Singer, bandleader, Tito Rodriguez (Pablo Rodríguez Lozada)

The Palladium had three main house bands that kept music in constant rotation, known as  The Big-Three led by “The King of Mambo” and showman Tito Puente, revolutionary bandleader Machito (Francisco Raúl Gutiérrez Grillo) and polished lyricist Tito Rodriguez. Because of its exceptional orchestration, naturally, the Palladium attracted artists the likes of Sarah Vaughn, Dizzy Gillespie, and Sammy Davis Jr. As a result, hints of Afro-Cuban music would make its way into the Jazz scene. 

The Palladium’s in-house dancers were an ethnically mixed group, with its most famous, Puerto Rican-born “Cuban Pete” and Millie Donae who was of Italian descent. In recalling her first time at the Palladium watching an interracial couple take the floor, dancer Barbara Craddock stated, “It was like watching liquid velvet.”

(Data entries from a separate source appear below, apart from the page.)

lemma branch_set'_u_leaf: "branch_set T' mid (c' u_leaf)"
proof -
  obtain y where y: "y \<in> Vt" "v \<in> anc y" "lb (par u) \<in> anc y" "h (lb (par u)) \<le> h v"
    "c u = {a \<in> anc y. h (lb (par u)) \<le> h a}"
    using c_u_branch by blast
  have below_iff: "below_v a \<longleftrightarrow> h v < h a" if "a \<in> anc y" for a
    using below_v_iff_deeper[OF y(1) that y(2)] .
  have below_in_c_u: "{z \<in> c u. below_v z} = {a \<in> anc y. below_v a}"
    using y(4,5) below_iff by auto
  show ?thesis
  proof (cases "below_v y")
    case True
    have depth'_anc: "depth T' (emb a) = h a + (if below_v a then 1 else 0)" if "a \<in> anc y" for a
      using depth'_simps(3) ancestors_in_tverts[OF rooted y(1) that] by blast
    have "Suc (h v) \<le> h a + (if below_v a then 1 else 0) \<longleftrightarrow> below_v a" if "a \<in> anc y" for a
      using below_iff[OF that] by auto
    then have "{a' \<in> ancestors T' (emb y). depth T' mid \<le> depth T' a'} =
        insert mid (emb ` {a \<in> anc y. below_v a})"
      unfolding ancestors'_emb[OF y(1)] using True depth'_anc depth'_simps(2) by force
    moreover have "mid \<in> ancestors T' (emb y)" using ancestors'_emb[OF y(1)] True by simp
    ultimately show ?thesis unfolding branch_set_iff[OF rooted'] using below_in_c_u y(1)
      by (intro disjI2 bexI[of _ "emb y"]) auto
  next
    case False
    then have "y = v" using y(2) unfolding below_v_def by simp
    then have "{z \<in> c u. below_v z} = {}" using below_in_c_u not_below_v_ancestor by auto
    moreover have "depth T' (emb a) = h a" "h a \<le> h v" if "a \<in> anc v" for a
      using depth'_simps(3) ancestors_in_tverts[OF rooted v_in_Vt that] not_below_v_ancestor[OF that]
        depth_ancestor_le[OF rooted v_in_Vt that] by simp_all
    then have "{a' \<in> ancestors T' mid. depth T' mid \<le> depth T' a'} = {mid}"
      unfolding ancestors'_mid ancestors'_v using depth'_simps(2) by fastforce
    ultimately show ?thesis
      unfolding branch_set_iff[OF rooted'] using ancestors'_mid by auto
  qed
qed
(* For every $n \ge 1$ and every proximity parameter $0<\epsilon<1$, there exists a non-adaptive $\epsilon$-tester with one-sided error for convexity of functions $f\colon [n]\to\mathbb{R}$, where $[n]=\{0,1,\dots,n-1\}$, whose query complexity is $O\!\left(\frac{\log(\epsilon n)}{\epsilon}\right)$.
   Context: A function $f\colon X\to\mathbb{R}$ on a finite set $X\subseteq\mathbb{R}^d$ is convex if for every finite collection $x_1,\dots,x_k\in X$ and reals $\lambda_i\ge 0$ with $\sum_i\lambda_i=1$ and $\sum_i\lambda_i x_i\in X$, one has $f(\sum_i\lambda_i x_i)\le\sum_i\lambda_i f(x_i)$. A function $g\colon X\to\mathbb{R}$ is $\epsilon$-far from convex if every convex $h\colon X\to\mathbb{R}$ differs from $g$ on at least $\epsilon|X|$ points of $X$. An $\epsilon$-tester for convexity is a randomized algorithm that queries values of an unknown $f$ and accepts with probability at least $2/3$ if $f$ is convex and rejects with probability at least $2/3$ if $f$ is $\epsilon$-far from convex; it has one-sided error if it accepts every convex function with probability $1$, and is non-adaptive if all queried points are chosen before any value is observed. The query complexity is the worst-case number of queries. *)

theory Defs
  imports "HOL-Probability.Probability"
begin

text \<open>Domain [n] = {0,...,n-1}, viewed as a subset of the reals. A function on [n] is
  represented by f :: nat => real; only its values on {0..<n} matter.\<close>

definition convex_on_grid :: "nat \<Rightarrow> (nat \<Rightarrow> real) \<Rightarrow> bool" where
  "convex_on_grid n f \<longleftrightarrow>
     (\<forall>(k::nat) (x::nat \<Rightarrow> nat) (lam::nat \<Rightarrow> real) (m::nat).
        (\<forall>i<k. x i < n \<and> lam i \<ge> 0) \<and> (\<Sum>i<k. lam i) = 1 \<and> m < n \<and>
        (\<Sum>i<k. lam i * real (x i)) = real m
        \<longrightarrow> f m \<le> (\<Sum>i<k. lam i * f (x i)))"

definition far_from_convex :: "nat \<Rightarrow> real \<Rightarrow> (nat \<Rightarrow> real) \<Rightarrow> bool" where
  "far_from_convex n \<epsilon> g \<longleftrightarrow>
     (\<forall>h. convex_on_grid n h \<longrightarrow> real (card {x\<in>{0..<n}. g x \<noteq> h x}) \<ge> \<epsilon> * real n)"

text \<open>A non-adaptive randomized tester: a probability distribution over pairs (Q, D) of a
  query set Q \<subseteq> [n] (chosen before any value is seen) and a decision rule D
  (True = accept) that depends only on the values of f on Q. Internal randomness of the
  decision is absorbed into the distribution.\<close>

definition accept_prob :: "(nat set \<times> ((nat \<Rightarrow> real) \<Rightarrow> bool)) pmf \<Rightarrow> (nat \<Rightarrow> real) \<Rightarrow> real" where
  "accept_prob T f = measure_pmf.prob T {(Q, D). D f}"

definition nonadaptive_tester ::
  "nat \<Rightarrow> (nat set \<times> ((nat \<Rightarrow> real) \<Rightarrow> bool)) pmf \<Rightarrow> bool" where
  "nonadaptive_tester n T \<longleftrightarrow>
     (\<forall>(Q, D) \<in> set_pmf T. Q \<subseteq> {0..<n} \<and>
        (\<forall>f g. (\<forall>x\<in>Q. f x = g x) \<longrightarrow> D f = D g))"

definition query_complexity_le ::
  "(nat set \<times> ((nat \<Rightarrow> real) \<Rightarrow> bool)) pmf \<Rightarrow> real \<Rightarrow> bool" where
  "query_complexity_le T q \<longleftrightarrow> (\<forall>(Q, D) \<in> set_pmf T. real (card Q) \<le> q)"

definition one_sided_convexity_tester ::
  "nat \<Rightarrow> real \<Rightarrow> (nat set \<times> ((nat \<Rightarrow> real) \<Rightarrow> bool)) pmf \<Rightarrow> bool" where
  "one_sided_convexity_tester n \<epsilon> T \<longleftrightarrow>
     nonadaptive_tester n T \<and>
     (\<forall>f. convex_on_grid n f \<longrightarrow> accept_prob T f = 1) \<and>
     (\<forall>f. far_from_convex n \<epsilon> f \<longrightarrow> accept_prob T f \<le> 1/3)"

end

(* The tester samples t = ceil(2/eps) uniform points of [n] and queries, for each sample x, the
   endpoints of the dyadic intervals of lengths 1, 2, ..., 2^K containing x, where 2^K ~ eps n,
   together with all multiples of 2^K and the neighbours (+-1) of all these points; it accepts iff
   the answers are convex. This costs O(t K) = O(log(eps n)/eps) queries and never rejects a convex f.

   Call x good if f is convex on the queries generated by x alone. Dyadic intervals are laminar, so
   two consecutive points of the union of the skeletons of all good points already lie in the skeleton
   of one good point; with the +-1 neighbours, every three consecutive points of the union of their
   query sets lie in the query set of one good point. Convexity on consecutive triples gives
   convexity, and a convex function on a subset of [n] extends to [n] (maximum of the secants through
   consecutive points). So f agrees with a convex function on all good points: if f is eps-far, at
   most (1 - eps) n points are good, and all t samples are good with probability at most
   (1 - eps)^t <= exp (-2) < 1/3. *)

theory Submission
  imports Defs
begin

lemma dvd_less_imp_add_le:
  fixes a b k :: nat
  assumes "k dvd a" "k dvd b" "a < b"
  shows "a + k \<le> b"
proof -
  obtain p q where a: "a = k * p" and b: "b = k * q"
    using assms(1,2) unfolding dvd_def by blast
  then have "p < q" using assms(3) by (cases "k = 0") auto
  then have "k * (p + 1) \<le> k * q" by (intro mult_le_mono2) simp
  then show ?thesis by (simp add: a b algebra_simps)
qed

definition dyadic_lo :: "nat \<Rightarrow> nat \<Rightarrow> nat" where
  "dyadic_lo j y = y div 2^j * 2^j"

definition dyadic_hi :: "nat \<Rightarrow> nat \<Rightarrow> nat" where
  "dyadic_hi j y = dyadic_lo j y + 2^j"

definition dyadic_endpoints :: "nat \<Rightarrow> nat \<Rightarrow> nat set" where
  "dyadic_endpoints K y = (\<Union>j\<le>K. {dyadic_lo j y, dyadic_hi j y})"

lemma dyadic_lo_le: "dyadic_lo j y \<le> y"
  by (simp add: dyadic_lo_def)

lemma less_dyadic_hi: "y < dyadic_hi j y"
proof -
  have "y mod 2^j < 2^j" by simp
  then show ?thesis
    using div_mult_mod_eq[of y "2^j"] unfolding dyadic_hi_def dyadic_lo_def by linarith
qed

lemma dvd_dyadic_lo: "2^j dvd dyadic_lo j y"
  by (simp add: dyadic_lo_def)

lemma dvd_dyadic_hi: "2^j dvd dyadic_hi j y"
  by (simp add: dyadic_hi_def dvd_dyadic_lo)

lemma le_dyadic_lo:
  assumes "2^j dvd m" "m \<le> y"
  shows "m \<le> dyadic_lo j y"
proof -
  obtain c where m: "m = c * 2^j" using assms(1) by (metis dvd_def mult.commute)
  then have "c \<le> y div 2^j" using assms(2) div_le_mono[of m y "2^j"] by simp
  then show ?thesis by (simp add: dyadic_lo_def m)
qed

lemma dyadic_hi_le:
  assumes "2^j dvd m" "y < m"
  shows "dyadic_hi j y \<le> m"
  using dvd_less_imp_add_le[OF dvd_dyadic_lo assms(1)] dyadic_lo_le[of j y] assms(2)
  by (simp add: dyadic_hi_def)

lemma dyadic_lo_antimono: "i \<le> j \<Longrightarrow> dyadic_lo j y \<le> dyadic_lo i y"
  by (intro le_dyadic_lo dyadic_lo_le dvd_trans[OF le_imp_power_dvd dvd_dyadic_lo])

lemma dyadic_hi_mono: "i \<le> j \<Longrightarrow> dyadic_hi i y \<le> dyadic_hi j y"
  by (intro dyadic_hi_le less_dyadic_hi dvd_trans[OF le_imp_power_dvd dvd_dyadic_hi])

lemma dyadic_lo_eqI:
  assumes "2^j dvd m" "m \<le> y" "y < m + 2^j"
  shows "dyadic_lo j y = m"
  using le_dyadic_lo[OF assms(1,2)] dvd_less_imp_add_le[OF assms(1) dvd_dyadic_lo, of y]
    dyadic_lo_le[of j y] assms(3)
  by linarith

lemma dyadic_lo_eq_of_endpoint_inside:
  assumes d: "d \<in> {dyadic_lo i x, dyadic_hi i x}" and M: "2^j dvd M" and "M < d" "d < M + 2^j"
  shows "dyadic_lo j x = M"
proof -
  have di: "2^i dvd d" using d dvd_dyadic_lo dvd_dyadic_hi by blast
  have "i < j"
  proof (rule ccontr)
    assume "\<not> i < j"
    then have "2^j dvd d" using di by (meson dvd_trans le_imp_power_dvd not_less)
    then show False using dvd_less_imp_add_le[OF M _ \<open>M < d\<close>] \<open>d < M + 2^j\<close> by simp
  qed
  then have Mi: "2^i dvd M" and Mj: "2^i dvd M + 2^j"
    using M by (meson dvd_trans le_imp_power_dvd less_imp_le dvd_add dvd_refl)+
  have "M + 2^i \<le> d" "d + 2^i \<le> M + 2^j"
    using dvd_less_imp_add_le[OF Mi di \<open>M < d\<close>] dvd_less_imp_add_le[OF di Mj \<open>d < M + 2^j\<close>] .
  then have "M \<le> x" "x < M + 2^j"
    using d dyadic_lo_le[of i x] less_dyadic_hi[of x i] by (auto simp: dyadic_hi_def)
  then show ?thesis by (rule dyadic_lo_eqI[OF M])
qed

lemma dyadic_midpoint:
  assumes e: "e \<in> {dyadic_lo i y, dyadic_hi i y}" and "2^j dvd e" "\<not> 2^Suc j dvd e"
  shows "e = dyadic_lo (Suc j) y + 2^j"
proof -
  define L where "L = dyadic_lo (Suc j) y"
  have "i \<le> j"
    using e assms(3) dvd_dyadic_lo dvd_dyadic_hi
    by (metis dvd_trans insert_iff le_imp_power_dvd not_less_eq_eq singletonD)
  then have "L \<le> e" "e \<le> L + 2^Suc j"
    using e dyadic_lo_antimono[of i "Suc j" y] dyadic_hi_mono[of i "Suc j" y]
      dyadic_lo_le[of i y] less_dyadic_hi[of y i]
    by (auto simp: L_def dyadic_hi_def)
  moreover have "2^Suc j dvd L" unfolding L_def by (rule dvd_dyadic_lo)
  ultimately have "L < e" "e < L + 2^Suc j"
    using assms(3) by (auto simp: le_less dvd_add_right_iff)
  moreover have "2^j dvd L" "2^j dvd L + 2^Suc j"
    using \<open>2^Suc j dvd L\<close> by (auto intro: dvd_trans[OF le_imp_power_dvd])
  ultimately show ?thesis
    using dvd_less_imp_add_le[OF _ assms(2), of L] dvd_less_imp_add_le[OF assms(2), of "L + 2^Suc j"]
    by (simp add: L_def)
qed

lemma dyadic_endpoint_shared:
  assumes "d < e" and dx: "d \<in> dyadic_endpoints K x" and ey: "e \<in> dyadic_endpoints K y"
    and "d \<notin> dyadic_endpoints K y" and "\<not> 2^K dvd e"
    and gap: "dyadic_endpoints K y \<inter> {d<..<e} = {}"
  shows "e \<in> dyadic_endpoints K x"
proof -
  obtain i where i: "d \<in> {dyadic_lo i x, dyadic_hi i x}"
    using dx by (auto simp: dyadic_endpoints_def)
  obtain i' where i': "e \<in> {dyadic_lo i' y, dyadic_hi i' y}"
    using ey by (auto simp: dyadic_endpoints_def)
  (* With 2^j the exact power of 2 dividing e, e is the midpoint of the dyadic interval of length
     2^(j+1) around y. Its left end M is an endpoint of y, hence left of d, so d lies strictly inside
     the dyadic interval [M, e) of length 2^j, which therefore contains x as well. *)
  define j where "j = multiplicity 2 e"
  have "e \<noteq> 0" using \<open>d < e\<close> by simp
  note power_dvd = power_dvd_iff_le_multiplicity[OF this, of 2]
  have j: "2^j dvd e" "\<not> 2^Suc j dvd e" "j < K"
    using power_dvd[of j] power_dvd[of "Suc j"] power_dvd[of K] \<open>\<not> 2^K dvd e\<close>
    by (auto simp: j_def)
  define M where "M = dyadic_lo (Suc j) y"
  have e_mid: "e = M + 2^j"
    unfolding M_def by (rule dyadic_midpoint[OF i' j(1,2)])
  have "M \<in> dyadic_endpoints K y"
    using \<open>j < K\<close> by (auto simp: M_def dyadic_endpoints_def Suc_le_eq)
  then have "M \<noteq> d" "\<not> (d < M \<and> M < e)"
    using gap \<open>d \<notin> dyadic_endpoints K y\<close> by auto
  then have "M < d" using e_mid by simp
  have "2^j dvd M" by (simp add: M_def dvd_trans[OF le_imp_power_dvd dvd_dyadic_lo])
  then have "dyadic_lo j x = M"
    using dyadic_lo_eq_of_endpoint_inside[OF i] \<open>M < d\<close> \<open>d < e\<close> e_mid by blast
  then have "e = dyadic_hi j x" by (simp add: dyadic_hi_def e_mid)
  then show ?thesis using \<open>j < K\<close> by (auto simp: dyadic_endpoints_def)
qed

definition below_chord :: "(nat \<Rightarrow> real) \<Rightarrow> nat \<Rightarrow> nat \<Rightarrow> nat \<Rightarrow> bool" where
  "below_chord f a b c \<longleftrightarrow>
     (real c - real a) * f b \<le> (real c - real b) * f a + (real b - real a) * f c"

definition three_point_convex :: "(nat \<Rightarrow> real) \<Rightarrow> nat set \<Rightarrow> bool" where
  "three_point_convex f S \<longleftrightarrow> (\<forall>a\<in>S. \<forall>b\<in>S. \<forall>c\<in>S. a < b \<longrightarrow> b < c \<longrightarrow> below_chord f a b c)"

lemma below_chord_join_left:
  assumes "a < p" "p < b" "b < c" "below_chord f a p b" "below_chord f p b c"
  shows "below_chord f a b c"
proof -
  have "0 \<le> (real c - real b) * ((real b - real p) * f a + (real p - real a) * f b - (real b - real a) * f p)"
    "0 \<le> (real b - real a) * ((real c - real b) * f p + (real b - real p) * f c - (real c - real p) * f b)"
    using assms by (simp_all add: below_chord_def)
  (* The slack of the claim, multiplied by b - p, is the sum of these two slacks. *)
  then have "0 \<le> (real b - real p) * ((real c - real b) * f a + (real b - real a) * f c - (real c - real a) * f b)"
    by (simp add: algebra_simps)
  then show ?thesis
    using assms(2) by (simp add: below_chord_def zero_le_mult_iff)
qed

“The King of Latin Jazz” percussionist, Tito Puente

In 1966 a police raid attributed to drug use closed the Palladium, sunsetting the era of the Mambo.   

A snapshot of the potential of what could be, The Palladium revealed an alternate universe.

Individuals that under the majority of circumstances would have been segregated instead found common ground uncovering truths that were even hidden to themselves. It took the transformational power of the music, and the channeling of their bodies, to allow the releasing of their souls, and its primal spontaneity resulted in instinctual perfection.